The first quantified assert above will not be instantiated on all
relevant instances. One can instead assert:
(assert (forall ((x1 SetA) (x2 (Set A)) (v Int) (a A))
(! (=> (and (= (projSA x1) x2) (select x2 a))
(> (ord (cons v x1)) (ord a)))
:pattern ((select x2 a) (cons v x1)))))
Axioms like these, that use two patterns (called a multi-pattern)
are quite expensive. They produce instantiations for every pair
of (select x2 a) and (cons v x1)
The membership constraint from before is now unsatisfiable.
(push)
(assert (select sa1 a1))
(assert (= s1 (injSA sa1)))
(assert (= a1 (cons v s1)))
(check-sat)
(pop)
but models are not necessarily well formed yet.
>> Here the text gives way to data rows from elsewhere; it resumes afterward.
(* Let $M=(Q,\underline q,\Sigma_I,\Sigma_O,h)$ be a deterministic, completely specified prime FSM with $n=|Q|\ge 2$ states and output function $\omega_M$, and let $R=R(q_1,x_1,Z_1)\wedge\dots\wedge R(q_k,x_k,Z_k)$ be a composite requirement on $M$ (with the pairs $(q_i,x_i)$ pairwise distinct, $\omega_M(q_i,x_i)\in Z_i\subsetneq\Sigma_O$). Let $M_1$ be the requirement abstraction of $M$, let $V\subseteq\Sigma_I^*$ with $\varepsilon\in V$ be a state cover of $M$, let $m\ge n$ be an integer, and let $A,B,C$, $\Delta_M$, $\Delta_{M_1}$, $A(M)$, $B(M_1)$, $C(M_1)$ be as defined in the context. Let $S=(S,\underline s,\Sigma_I,\Sigma_O,h_S)$ be a minimal, completely specified DFSM with $|S|\le m$. Let $TS\subseteq\Sigma_I^*$ be any test suite satisfying (1) $V.\bigcup_{i=0}^{m-n+1}\Sigma_I^i\subseteq TS$, and (2) for all $(\alpha,\beta)\in A(M)\cup B(M_1)\cup C(M_1)$ there exists $\gamma\in\Delta_M(\alpha,\beta)$ with $\alpha.\gamma\in TS$ and $\beta.\gamma\in TS$. Then if $S$ passes $TS$ (i.e. $\omega_S(\underline s,\bar x)=\omega_M(\underline q,\bar x)$ for every $\bar x\in TS$), it follows that $S\models R$.
   Context: FSMs, DFSMs, languages, the extended transition/output functions $\delta,\omega$, the notation $q\text{-after-}\bar x=\delta(q,\bar x)$ and prime machines are as usual: a completely specified DFSM has for every (state,input) exactly one transition, given by $\delta(q,x)$ and output $\omega(q,x)$; these extend to input sequences by $\delta(q,\varepsilon)=q$, $\delta(q,x.\bar x)=\delta(\delta(q,x),\bar x)$, $\omega(q,\varepsilon)=\varepsilon$, $\omega(q,x.\bar x)=\omega(q,x).\omega(\delta(q,x),\bar x)$. A prime machine has minimal number of states among language-equivalent DFSMs. A state cover of $M$ is a set $V\subseteq\Sigma_I^*$ such that every state $q$ equals $\underline q\text{-after-}v$ for some $v\in V$. For sets of traces, $X.Y=\{x.y\mid x\in X,y\in Y\}$. Requirements: $\Pi(q)=\{\bar x\in\Sigma_I^*\mid \underline q\text{-after-}\bar x=q\}$ (computed in $M$). $S\models R(q,x,Z)$ iff $\omega_S(\underline s\text{-after-}\pi,x)\in Z$ for all $\pi\in\Pi(q)$; $S\models R$ for a conjunction iff $S$ satisfies every conjunct. Requirement abstraction $M_1$: the completely specified DFSM with state set $Q$, initial state $\underline q$, input alphabet $\Sigma_I$, output alphabet $\{\ast,Z_1,\dots,Z_k\}$ where $\ast=\Sigma_O$, transition function equal to that of $M$, and output function $\omega_{M_1}(q_i,x_i)=Z_i$ for $i=1,\dots,k$ and $\omega_{M_1}(q,x)=\ast$ for all other $(q,x)\in Q\times\Sigma_I$. Trace-pair sets: $A=V\times V$; $B=V\times\big(V.\bigcup_{i=1}^{m-n+1}\Sigma_I^i\big)$; $C=\{(\alpha,\beta)\mid \alpha$ is a prefix of $\beta$, $\alpha,\beta\in V.\bigcup_{i=1}^{m-n+1}\Sigma_I^i\}$. For input traces $\alpha,\beta$: $\Delta_M(\alpha,\beta)=\{\gamma\in\Sigma_I^*\mid\omega_M(\underline q\text{-after-}\alpha,\gamma)\ne\omega_M(\underline q\text{-after-}\beta,\gamma)\}$ and $\Delta_{M_1}(\alpha,\beta)$ is defined analogously with $\omega_{M_1}$. For a set $P$ of trace pairs, $P(M)=\{(\alpha,\beta)\in P\mid\Delta_M(\alpha,\beta)\neq\varnothing\}$ and $P(M_1)=\{(\alpha,\beta)\in P\mid\Delta_{M_1}(\alpha,\beta)\neq\varnothing\}$. *)

theory Defs
  imports Main
begin

text \<open>The input alphabet is UNIV of the (finite) input type, the output
alphabet is UNIV of the (finite) output type.\<close>

definition dfsm :: "'s set \<Rightarrow> 's \<Rightarrow> ('s \<Rightarrow> 'i \<Rightarrow> 's) \<Rightarrow> ('s \<Rightarrow> 'i \<Rightarrow> 'o) \<Rightarrow> bool" where
  "dfsm Q q0 d w \<longleftrightarrow> finite Q \<and> q0 \<in> Q \<and> (\<forall>q\<in>Q. \<forall>x. d q x \<in> Q)"

fun delta_star :: "('s \<Rightarrow> 'i \<Rightarrow> 's) \<Rightarrow> 's \<Rightarrow> 'i list \<Rightarrow> 's" where
  "delta_star d q [] = q"
| "delta_star d q (x # xs) = delta_star d (d q x) xs"

fun omega_star :: "('s \<Rightarrow> 'i \<Rightarrow> 's) \<Rightarrow> ('s \<Rightarrow> 'i \<Rightarrow> 'o) \<Rightarrow> 's \<Rightarrow> 'i list \<Rightarrow> 'o list" where
  "omega_star d w q [] = []"
| "omega_star d w q (x # xs) = w q x # omega_star d w (d q x) xs"

definition fsm_lang :: "'s \<Rightarrow> ('s \<Rightarrow> 'i \<Rightarrow> 's) \<Rightarrow> ('s \<Rightarrow> 'i \<Rightarrow> 'o) \<Rightarrow> ('i \<times> 'o) list set" where
  "fsm_lang q0 d w = {zip xs (omega_star d w q0 xs) | xs. True}"

text \<open>Prime / minimal: minimal number of states among all language-equivalent
DFSMs (competitors are taken with states in nat, which loses no generality
since every finite state set can be relabelled into nat).\<close>
definition prime_dfsm :: "'s set \<Rightarrow> 's \<Rightarrow> ('s \<Rightarrow> 'i \<Rightarrow> 's) \<Rightarrow> ('s \<Rightarrow> 'i \<Rightarrow> 'o) \<Rightarrow> bool" where
  "prime_dfsm Q q0 d w \<longleftrightarrow> dfsm Q q0 d w \<and>
     (\<forall>(Q'::nat set) q0' d' (w' :: nat \<Rightarrow> 'i \<Rightarrow> 'o).
        dfsm Q' q0' d' w' \<and> fsm_lang q0' d' w' = fsm_lang q0 d w \<longrightarrow> card Q \<le> card Q')"

definition state_cover :: "'i list set \<Rightarrow> 's set \<Rightarrow> 's \<Rightarrow> ('s \<Rightarrow> 'i \<Rightarrow> 's) \<Rightarrow> bool" where
  "state_cover V Q q0 d \<longleftrightarrow> (\<forall>q\<in>Q. \<exists>v\<in>V. delta_star d q0 v = q)"

definition Pi_set :: "'s \<Rightarrow> ('s \<Rightarrow> 'i \<Rightarrow> 's) \<Rightarrow> 's \<Rightarrow> 'i list set" where
  "Pi_set q0 d q = {xs. delta_star d q0 xs = q}"

definition sat_req :: "'t \<Rightarrow> ('t \<Rightarrow> 'i \<Rightarrow> 't) \<Rightarrow> ('t \<Rightarrow> 'i \<Rightarrow> 'o)
     \<Rightarrow> 's \<Rightarrow> ('s \<Rightarrow> 'i \<Rightarrow> 's) \<Rightarrow> ('s \<times> 'i \<times> 'o set) \<Rightarrow> bool" where
  "sat_req s0 dS wS q0 d r = (case r of (q, x, Z) \<Rightarrow>
     (\<forall>\<pi>\<in>Pi_set q0 d q. wS (delta_star dS s0 \<pi>) x \<in> Z))"

definition sat_reqs :: "'t \<Rightarrow> ('t \<Rightarrow> 'i \<Rightarrow> 't) \<Rightarrow> ('t \<Rightarrow> 'i \<Rightarrow> 'o)
     \<Rightarrow> 's \<Rightarrow> ('s \<Rightarrow> 'i \<Rightarrow> 's) \<Rightarrow> ('s \<times> 'i \<times> 'o set) list \<Rightarrow> bool" where
  "sat_reqs s0 dS wS q0 d R \<longleftrightarrow> (\<forall>r\<in>set R. sat_req s0 dS wS q0 d r)"

text \<open>Requirement abstraction: output function of M1 (outputs are sets of outputs;
* = UNIV = Sigma_O). Transitions of M1 equal those of M.\<close>
definition abs_output :: "('s \<times> 'i \<times> 'o set) list \<Rightarrow> 's \<Rightarrow> 'i \<Rightarrow> 'o set" where
  "abs_output R q x = (case map_of (map (\<lambda>(q, x, Z). ((q, x), Z)) R) (q, x) of
       Some Z \<Rightarrow> Z | None \<Rightarrow> UNIV)"
lemma dist_L_nearly_attained:
  assumes "H \<noteq> {}" and "\<epsilon> > 0"
  shows "\<exists>a\<in>H. sqrt ((L a)\<^sup>2 + (norm (a u - v))\<^sup>2) < dist_L H L u v + \<epsilon>"
proof -
  have bdd: "bdd_below ((\<lambda>a. sqrt ((L a)\<^sup>2 + (norm (a u - v))\<^sup>2)) ` H)"
    by (rule bdd_belowI[of _ 0]) auto
  have "dist_L H L u v < dist_L H L u v + \<epsilon>" using assms(2) by simp
  thus ?thesis unfolding dist_L_def cINF_less_iff[OF assms(1) bdd] .
qed

text \<open>If the distances d_{L_i}(u,v) tend to zero, there are a_i \<in> H with L_i(a_i) \<rightarrow> 0 and
  a_i u \<rightarrow> v (take a_i within 1/(i+1) of the infimum).\<close>

lemma near_minimizers:
  assumes H: "H \<noteq> {}" and L_nonneg: "\<And>i a. a \<in> H \<Longrightarrow> 0 \<le> L i a"
    and lim: "(\<lambda>i. dist_L H (L i) u v) \<longlonglongrightarrow> 0"
  shows "\<exists>a. (\<forall>i. a i \<in> H) \<and> (\<lambda>i. L i (a i)) \<longlonglongrightarrow> 0 \<and> (\<lambda>i. a i u) \<longlonglongrightarrow> v"
proof -
  define D where "D i = dist_L H (L i) u v + 1 / Suc i" for i
  have "\<forall>i. \<exists>a\<in>H. sqrt ((L i a)\<^sup>2 + (norm (a u - v))\<^sup>2) < D i"
    unfolding D_def using dist_L_nearly_attained[OF H] by simp
  then obtain a where aH: "\<And>i. a i \<in> H"
    and a: "\<And>i. sqrt ((L i (a i))\<^sup>2 + (norm (a i u - v))\<^sup>2) < D i" by metis
  have D0: "D \<longlonglongrightarrow> 0"
    unfolding D_def using tendsto_add[OF lim LIMSEQ_inverse_real_of_nat]
    by (simp add: inverse_eq_divide)
  have "L i (a i) \<le> D i" and "norm (a i u - v) \<le> D i" for i
    using order_trans[OF real_sqrt_sum_squares_ge1 less_imp_le[OF a[of i]]]
      order_trans[OF real_sqrt_sum_squares_ge2 less_imp_le[OF a[of i]]] by auto
  hence "norm (L i (a i)) \<le> D i" and "norm (a i u - v) \<le> D i" for i
    using L_nonneg[OF aH] by auto
  hence "(\<lambda>i. L i (a i)) \<longlonglongrightarrow> 0" and a_u: "(\<lambda>i. a i u - v) \<longlonglongrightarrow> 0"
    by (auto intro!: Lim_null_comparison[OF _ D0] always_eventually)
  thus ?thesis using aH LIM_zero_cancel[OF a_u] by (intro exI[of _ a]) simp
qed

text \<open>Along a subsequence with
  L_i(a_i) \<rightarrow> 0 the elements a_i witness d_{L_i}(u, gu) \<le> L_i(a_i) + |a_i u - gu| \<rightarrow> 0.\<close>

lemma limit_dist_vanishes_on_G0_orbit:
  assumes H: "H \<subseteq> orth_maps" "H \<noteq> {}" and L_nonneg: "\<And>i a. a \<in> H \<Longrightarrow> 0 \<le> L i a"
    and aH: "\<And>i. a i \<in> H" and g: "g \<in> orth_maps"
    and conv: "(\<lambda>i. onorm (\<lambda>x. a i x - g x)) \<longlonglongrightarrow> 0"
    and liminf: "liminf (\<lambda>i. ereal (L i (a i))) = 0"
    and lim: "(\<lambda>i. dist_L H (L i) u (g u)) \<longlonglongrightarrow> d"
  shows "d = 0"
proof -
  obtain r where r: "strict_mono r" and "((\<lambda>i. ereal (L i (a i))) \<circ> r) \<longlonglongrightarrow> 0"
    using liminf_subseq_lim[of "\<lambda>i. ereal (L i (a i))"] liminf by auto
  hence "(\<lambda>k. ereal (L (r k) (a (r k)))) \<longlonglongrightarrow> 0" by (simp add: o_def)
  hence L_sub: "(\<lambda>k. L (r k) (a (r k))) \<longlonglongrightarrow> 0"
    using lim_ereal[of "\<lambda>k. L (r k) (a (r k))" 0 sequentially] by (simp add: zero_ereal_def)
  have "(\<lambda>i. a i u) \<longlonglongrightarrow> g u"
    using orth_maps_diff_bounded_linear[OF subsetD[OF H(1) aH] g]
    by (rule tendsto_apply_of_onorm_tendsto[OF _ conv])
  from LIMSEQ_subseq_LIMSEQ[OF this r] have "(\<lambda>k. a (r k) u) \<longlonglongrightarrow> g u" by (simp add: o_def)
  hence "(\<lambda>k. a (r k) u - g u) \<longlonglongrightarrow> 0" by (rule LIM_zero)
  hence bound_lim: "(\<lambda>k. L (r k) (a (r k)) + norm (a (r k) u - g u)) \<longlonglongrightarrow> 0"
    using tendsto_add[OF L_sub tendsto_norm_zero] by simp
  have "(\<lambda>k. dist_L H (L (r k)) u (g u)) \<longlonglongrightarrow> d"
    using LIMSEQ_subseq_LIMSEQ[OF lim r] by (simp add: o_def)
  moreover have "dist_L H (L (r k)) u (g u) \<le> L (r k) (a (r k)) + norm (a (r k) u - g u)" for k
    using aH L_nonneg[OF aH] by (rule dist_L_le_sum)
  ultimately have "d \<le> 0" using bound_lim by (intro LIMSEQ_le) auto
  moreover have "0 \<le> d" using lim dist_L_nonneg[OF H(2)] by (intro LIMSEQ_le_const) auto
  ultimately show "d = 0" by simp
qed

text \<open>The main direction: if d_{L_i}(u,v) \<rightarrow> 0, then v = gu for some g \<in> O(V) that is the
  operator-norm limit of a sequence b_i \<in> H with liminf L_i(b_i) = 0.  The near-minimizers
  a_i have a subsequence converging to g; filling the gaps of that subsequence with its own
  terms gives a full sequence b_i \<rightarrow> g that still agrees with a_i on the subsequence, where
  L_i(a_i) \<rightarrow> 0.\<close>

lemma G0_element_of_vanishing_limit:
  fixes H :: "('a::real_normed_vector \<Rightarrow> 'a) set"
  assumes fin_dim: "\<exists>B::'a set. finite B \<and> span B = UNIV"
    and H: "H \<subseteq> orth_maps" "H \<noteq> {}" and L_nonneg: "\<And>i a. a \<in> H \<Longrightarrow> 0 \<le> L i a"
    and lim: "(\<lambda>i. dist_L H (L i) u v) \<longlonglongrightarrow> 0"
  shows "\<exists>g\<in>orth_maps. v = g u \<and> (\<exists>b. (\<forall>i. b i \<in> H) \<and>
           (\<lambda>i. onorm (\<lambda>x. b i x - g x)) \<longlonglongrightarrow> 0 \<and> liminf (\<lambda>i. ereal (L i (b i))) = 0)"
proof -
  obtain a where aH: "\<And>i. a i \<in> H" and L_lim: "(\<lambda>i. L i (a i)) \<longlonglongrightarrow> 0"
    and a_u: "(\<lambda>i. a i u) \<longlonglongrightarrow> v"
    using near_minimizers[OF H(2) L_nonneg lim] by blast
  obtain r g where r: "strict_mono r" and g: "g \<in> orth_maps"
    and conv: "(\<lambda>i. onorm (\<lambda>x. a (r i) x - g x)) \<longlonglongrightarrow> 0"
    using orth_maps_convergent_subseq[OF fin_dim, of a] aH H(1) by blast
  have "(\<lambda>i. a (r i) u) \<longlonglongrightarrow> g u"
    using orth_maps_diff_bounded_linear[OF subsetD[OF H(1) aH] g]
    by (rule tendsto_apply_of_onorm_tendsto[OF _ conv])
  moreover have "(\<lambda>i. a (r i) u) \<longlonglongrightarrow> v" using LIMSEQ_subseq_LIMSEQ[OF a_u r] by (simp add: o_def)
  ultimately have "v = g u" using LIMSEQ_unique by blast
  define b where "b n = a (if n \<in> range r then n else r n)" for n
  have "(\<lambda>n. onorm (\<lambda>x. b n x - g x)) \<longlonglongrightarrow> 0"
    unfolding b_def using LIMSEQ_fill_outside_subseq[OF r, of "\<lambda>i. onorm (\<lambda>x. a i x - g x)"] conv
    by (simp add: o_def)
  moreover have "liminf (\<lambda>n. ereal (L n (b n))) = 0"
  proof (rule antisym)
    have "(\<lambda>k. L (r k) (a (r k))) \<longlonglongrightarrow> 0" using LIMSEQ_subseq_LIMSEQ[OF L_lim r] by (simp add: o_def)
    hence "(\<lambda>k. ereal (L (r k) (a (r k)))) \<longlonglongrightarrow> 0"
      using lim_ereal[of "\<lambda>k. L (r k) (a (r k))" 0 sequentially] by (simp add: zero_ereal_def)
    hence "((\<lambda>n. ereal (L n (b n))) \<circ> r) \<longlonglongrightarrow> 0" by (simp add: b_def o_def)
    hence "liminf ((\<lambda>n. ereal (L n (b n))) \<circ> r) = 0" by (simp add: lim_imp_Liminf)
    thus "liminf (\<lambda>n. ereal (L n (b n))) \<le> 0" using liminf_subseq_mono[OF r] by metis
    show "0 \<le> liminf (\<lambda>n. ereal (L n (b n)))"
      by (rule Liminf_bounded) (use L_nonneg aH in \<open>auto simp: b_def\<close>)
  qed
  moreover have "\<forall>n. b n \<in> H" using aH by (simp add: b_def)
  ultimately show ?thesis using g \<open>v = g u\<close> by blast
qed
(* Let $\mathcal S$ be a finite state set with $n = |\mathcal S|$, and let $\mathcal S_T\subset\mathcal S$ be a nonempty set of terminal states with $m=|\mathcal S_T|$. Let $\mathbf P$ be an $n\times n$ row-stochastic matrix (the transition matrix induced by a default policy) in which every terminal state is absorbing: $\mathbf P(s_T,s_T)=1$ for all $s_T\in\mathcal S_T$. Fix $\lambda>0$ and rewards $r(s)<0$ for all non-terminal $s\in\mathcal S\setminus\mathcal S_T$, and for $\delta>0$ set $r(s_T) = -\delta$ for every $s_T\in\mathcal S_T$. Let $\mathbf R_\delta = \operatorname{diag}(\exp(-\mathbf r/\lambda))$ and $\mathbf Z_\delta = (\mathbf R_\delta - \mathbf P)^{-1}$ (the default representation). Then, as $\delta\to 0^+$, the columns of $\mathbf Z_\delta$ corresponding to the terminal states form a basis of the eigenspace of the principal eigenvalue of $\mathbf Z_\delta$. Precisely: $\mathbf R_\delta-\mathbf P$ is invertible for every $\delta>0$; there is $\delta_0>0$ such that for all $\delta\in(0,\delta_0)$ the eigenvalue of $\mathbf Z_\delta$ of largest modulus is $1/(e^{\delta/\lambda}-1)$ and its eigenspace $\mathcal E_\delta$ has dimension $m$; the span $\mathcal C_\delta$ of the $m$ columns of $\mathbf Z_\delta$ indexed by $\mathcal S_T$ has dimension $m$; and $\mathcal C_\delta$ converges to $\mathcal E_\delta$ as $\delta\to0^+$, in the sense that $\|\Pi_{\mathcal C_\delta} - \Pi_{\mathcal E_\delta}\|\to 0$, where $\Pi_{\mathcal W}$ denotes the orthogonal projector onto a subspace $\mathcal W$.
   Context: $\exp$ and $\operatorname{diag}$ act entrywise, so $\mathbf R_\delta$ is the diagonal matrix with entries $e^{-r(s)/\lambda}$. The principal eigenvalue of a matrix is its eigenvalue of largest modulus. The matrix $\mathbf Z_\delta$ is not symmetrized here. *)

theory Defs
  imports "HOL-Analysis.Analysis"
begin
(* Let $\alpha_1,\dots,\alpha_k$ be nonnegative reals with $\sum_{i=1}^k\alpha_i=1$ and let $\frac13\le\theta\le1$. For $I\subset\{1,\dots,k\}$ write $\alpha_I=\sum_{i\in I}\alpha_i$. Consider the statements: ($I$) $\alpha_i\ge1-\theta$ for some $i$; ($I_2^{\mathrm{maj}}$) $\alpha_{\{i,j\}}\ge1-\theta$ for some $1\le i<j\le k$; ($I_2$) $\alpha_{\{i,j\}}\ge\frac32(1-\theta)$ for some $1\le i<j\le k$; ($II^{\mathrm{maj}}$) there is a partition $\{1,\dots,k\}=I\uplus J\uplus J'$ with $2\theta-1\le\alpha_I\le4\theta-2$ and $|\alpha_J-\alpha_{J'}|\le2\theta-1$; ($II^{\mathrm{min}}$) there is a partition $\{1,\dots,k\}=J\uplus J'$ with $|\alpha_J-\alpha_{J'}|\le2\theta-1$. Then: (i) if $\theta=5/8$, at least one of ($I$), ($II^{\mathrm{maj}}$) holds; (ii) if $\theta\ge3/5$, at least one of ($I$), ($I_2$), ($II^{\mathrm{min}}$) holds; (iii) if $\theta=7/12$, at least one of ($I$), ($I_2^{\mathrm{maj}}$), ($II^{\mathrm{maj}}$) holds; (iv) if $k=5$ and $\theta=11/20$, at least one of ($I_2^{\mathrm{maj}}$), ($II^{\mathrm{maj}}$) holds; (v) if $k\in\{3,4\}$ and $\theta\ge1/2$, then ($I_2^{\mathrm{maj}}$) holds; (vi) if $k=3$ and $\theta\ge5/9$, or $k=2$ and $\theta\ge1/3$, then ($I_2$) holds. *)

theory Defs
  imports Complex_Main
begin

definition condI :: "nat \<Rightarrow> (nat \<Rightarrow> real) \<Rightarrow> real \<Rightarrow> bool" where
  "condI k \<alpha> \<theta> \<longleftrightarrow> (\<exists>i\<in>{1..k}. \<alpha> i \<ge> 1 - \<theta>)"

definition condI2maj :: "nat \<Rightarrow> (nat \<Rightarrow> real) \<Rightarrow> real \<Rightarrow> bool" where
  "condI2maj k \<alpha> \<theta> \<longleftrightarrow>
     (\<exists>i j. 1 \<le> i \<and> i < j \<and> j \<le> k \<and> sum \<alpha> {i, j} \<ge> 1 - \<theta>)"

definition condI2 :: "nat \<Rightarrow> (nat \<Rightarrow> real) \<Rightarrow> real \<Rightarrow> bool" where
  "condI2 k \<alpha> \<theta> \<longleftrightarrow>
     (\<exists>i j. 1 \<le> i \<and> i < j \<and> j \<le> k \<and> sum \<alpha> {i, j} \<ge> 3/2 * (1 - \<theta>))"

definition condIImaj :: "nat \<Rightarrow> (nat \<Rightarrow> real) \<Rightarrow> real \<Rightarrow> bool" where
  "condIImaj k \<alpha> \<theta> \<longleftrightarrow>
     (\<exists>I J J'. I \<union> J \<union> J' = {1..k} \<and> I \<inter> J = {} \<and> I \<inter> J' = {} \<and> J \<inter> J' = {} \<and>
        2*\<theta> - 1 \<le> sum \<alpha> I \<and> sum \<alpha> I \<le> 4*\<theta> - 2 \<and>
        \<bar>sum \<alpha> J - sum \<alpha> J'\<bar> \<le> 2*\<theta> - 1)"

definition condIImin :: "nat \<Rightarrow> (nat \<Rightarrow> real) \<Rightarrow> real \<Rightarrow> bool" where
  "condIImin k \<alpha> \<theta> \<longleftrightarrow>
     (\<exists>J J'. J \<union> J' = {1..k} \<and> J \<inter> J' = {} \<and>
        \<bar>sum \<alpha> J - sum \<alpha> J'\<bar> \<le> 2*\<theta> - 1)"

end

theory Submission
  imports Defs
begin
the default value of the set is 'true', which
would mean that the model implies there is a membership cycle
when there isn't one.
(push)
(assert (not (= (cons v s1) a1)))
(assert (= (projSA s1) sa1))
(assert (select sa1 a1))
(check-sat)
(get-model)
(pop)
We can approximate more faithful models by using
the following approach to enforce that sets that are
used in data-types are finite.
For example, whenever there is a membership check on a set x2,
we enforce that the 'default' value of the set is 'false'.
(assert (forall ((x2 (Set A)) (a A))
(! (not (default x2))
:pattern ((select x2 a)))))
Alternatively, whenever a set occurs in a data-type constructor
it is finite
(assert (forall ((v Int) (x1 SetA))
(! (not (default (projSA x1)))
:pattern ((cons v x1)))))
(push)
(assert (not (= (cons v s1) a1)))
(assert (= (projSA s1) sa1))
(assert (select sa1 a1))
(check-sat)
(get-model)
(pop)
Throughout the inclusion of additional axioms,
Z3 produces the answer 'unknown' and furthermore
the model that is produced indicates that the domain SetA
is finite (a singleton). So while we could patch the defaults
this model still does not satisfy the axioms. It satisfies
the axioms modulo instantiation only.
This is not supported in Z3. You can use arrays in datatype declarations, but they can't contain "references" to the datatypes you are declaring. For example, it is ok to use (Set Int).